We provided free hotel stays to New Yorkers who had COVID-19 and did not have a place to isolate. Transportation to and from these hotels—as well as food, social services, and wellness checks—were also arranged to further ensure their successful isolation. We view this as part of our comprehensive wellness services for all.
In addition to that, we established a psychosocial support program for staff and provided groceries, laundry service, a change of clothes, and taxis to travel to and from work. Through the generosity of Bloomberg Philanthropies and World Central Kitchen, we ensured fresh daily meals for the 30,000 healthcare workers on the frontlines of the COVID-19 pandemic at our 11 acute care hospitals and 5 post-acute long-term care facilities across the city's 5 boroughs.
We continue to evaluate these and many other advances for service integration into existing emergency operations plans for ready use during the next emergency, whether that event is an infectious disease outbreak, natural disaster, or intentional incident.
Sustain Gains Made During Routine Operations
COVID-19 forced NYC Health + Hospitals to adapt our operations and implement long-overdue business process innovations. For example, we implemented widespread telecommuting for all staff whose work could be performed remotely and who do not provide direct patient or support services. Prior to COVID-19, we used paper timesheets. With myriad staff operating remotely, and to ensure timely payroll processing, we transitioned to an electronic time recording form. These, and other similar operational process modernizations, are elements of our broader improvements for permanent adoption to ensure that we recover as a stronger, more efficient health system post-COVID-19. 5
Build Back Equitably and Inclusively
Economic, social, and health disparities have impacted how people experience the COVID-19 pandemic. COVID-19 has disproportionately affected Hispanics and Blacks in New York City, according to a growing body of evidence.6-8 Among NYC Health + Hospitals' patients, Hispanics were more likely to test positive and Blacks were more likely to test positive and be hospitalized than any other ethnic/racial groups. 9 These same disparities will also impact how people recover from the disease.

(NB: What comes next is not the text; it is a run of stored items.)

lemma card_Zn_less:
  assumes A: "invariant_subspace A" and U: "invariant_subspace U"
    and "A \<subseteq> U" "u \<in> U" "u \<notin> A"
  shows "card (A \<inter> Zn) < card (U \<inter> Zn)"
proof (rule psubset_card_mono)
  show "finite (U \<inter> Zn)"
    using finite_Zn by simp
  have uV: "u \<in> V"
    using assms subspace_carrier[OF U] by auto
  have "reduce u \<in> U"
    using subspace_cong[OF U \<open>u \<in> U\<close>] reduce_Zn Zn_subset_V reduce_cong cong_vec_sym by blast
  moreover have "reduce u \<notin> A"
    using subspace_cong[OF A _ uV reduce_cong] \<open>u \<notin> A\<close> by blast
  ultimately show "A \<inter> Zn \<subset> U \<inter> Zn"
    using \<open>A \<subseteq> U\<close> reduce_Zn by blast
qed

definition is_direct_sum :: "int vec set \<Rightarrow> int vec set \<Rightarrow> int vec set \<Rightarrow> bool" where
  "is_direct_sum U A B \<longleftrightarrow> A \<subseteq> U \<and> B \<subseteq> U \<and> (\<forall>u\<in>U. \<exists>a\<in>A. \<exists>b\<in>B. u = a + b)
     \<and> (\<forall>w\<in>A \<inter> B. w \<approx> 0\<^sub>v m)"

definition full_period_vec :: "int vec set \<Rightarrow> int vec \<Rightarrow> bool" where
  "full_period_vec U v \<longleftrightarrow> v \<in> U \<and> (\<forall>j. is_period j {v} \<longrightarrow> is_period j U)"

lemma is_period_direct_summands:
  assumes A: "invariant_subspace A" and B: "invariant_subspace B"
    and AB: "\<forall>w\<in>A \<inter> B. w \<approx> 0\<^sub>v m" and a: "a \<in> A" and b: "b \<in> B"
    and j: "is_period j {a + b}"
  shows "is_period j {a}" "is_period j {b}"
proof -
  have aV: "a \<in> V" and bV: "b \<in> V"
    using a b subspace_carrier A B by auto
  define x where "x = (T ^^ j) a - a"
  define y where "y = (T ^^ j) b - b"
  have xA: "x \<in> A" and yB: "y \<in> B" and xV: "x \<in> V" and yV: "y \<in> V"
    unfolding x_def y_def using a b aV bV A B by (simp_all add: subspace_diff subspace_funpow)
  have "(T ^^ j) (a + b) - (a + b) = x + y"
    unfolding x_def y_def using aV bV
    by (auto simp: T_linear_add[OF T_linear_funpow] intro!: eq_vecI)
  moreover have "(T ^^ j) (a + b) - (a + b) \<approx> 0\<^sub>v m"
    using j aV bV cong_vec_iff_diff[of "(T ^^ j) (a + b)" "a + b"] by (simp add: is_period_def)
  ultimately have xy: "\<forall>i<m. int p dvd x $ i + y $ i"
    using xV yV by (simp add: cong_vec_iff_dvd)
  then have "0\<^sub>v m - y \<approx> x"
    using xV yV unfolding cong_vec_iff_dvd
    by (simp add: carrier_vecD) (metis add.commute dvd_minus_iff minus_diff_eq diff_minus_eq_add)
  moreover have "0\<^sub>v m - y \<in> B"
    using B yB by (simp add: subspace_diff subspace_zero)
  ultimately have "x \<in> B"
    using subspace_cong[OF B] xV by blast
  then have x0: "x \<approx> 0\<^sub>v m"
    using AB xA by blast
  then show "is_period j {a}"
    unfolding x_def is_period_def using aV cong_vec_iff_diff[of "(T ^^ j) a" a] by simp
  have "y \<approx> 0\<^sub>v m"
    using x0 xy xV yV unfolding cong_vec_iff_dvd
    by (simp add: carrier_vecD) (metis add_diff_cancel_left' dvd_diff)
  then show "is_period j {b}"
    unfolding y_def is_period_def using bV cong_vec_iff_diff[of "(T ^^ j) b" b] by simp
qed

Recovery efforts must attempt to reduce our societal vulnerabilities and inequities in advance of the next disaster. This means direct relief programs must focus on individuals and communities that have been hit the hardest and policy changes that address structural inequities, such as universal earned sick leave and mass decarceration. 10 Within our health system, health equity will be an explicit consideration in our emergency planning. In future incidents, we plan to appoint an equity officer in our incident command structure, whose role will be to address the equity implications of our emergency response and recovery operations.
We have a long road to recovery. We cannot merely “re-open” our country or the global economy, nor can we return to normal as we knew it. We can, however, turn these concurrent emergencies into opportunities to strengthen our public health and healthcare systems and our communities. We will eventually reach a new normal, but we must tirelessly exploit the opportunities with us now to ensure a better, more resilient, and more equitable tomorrow.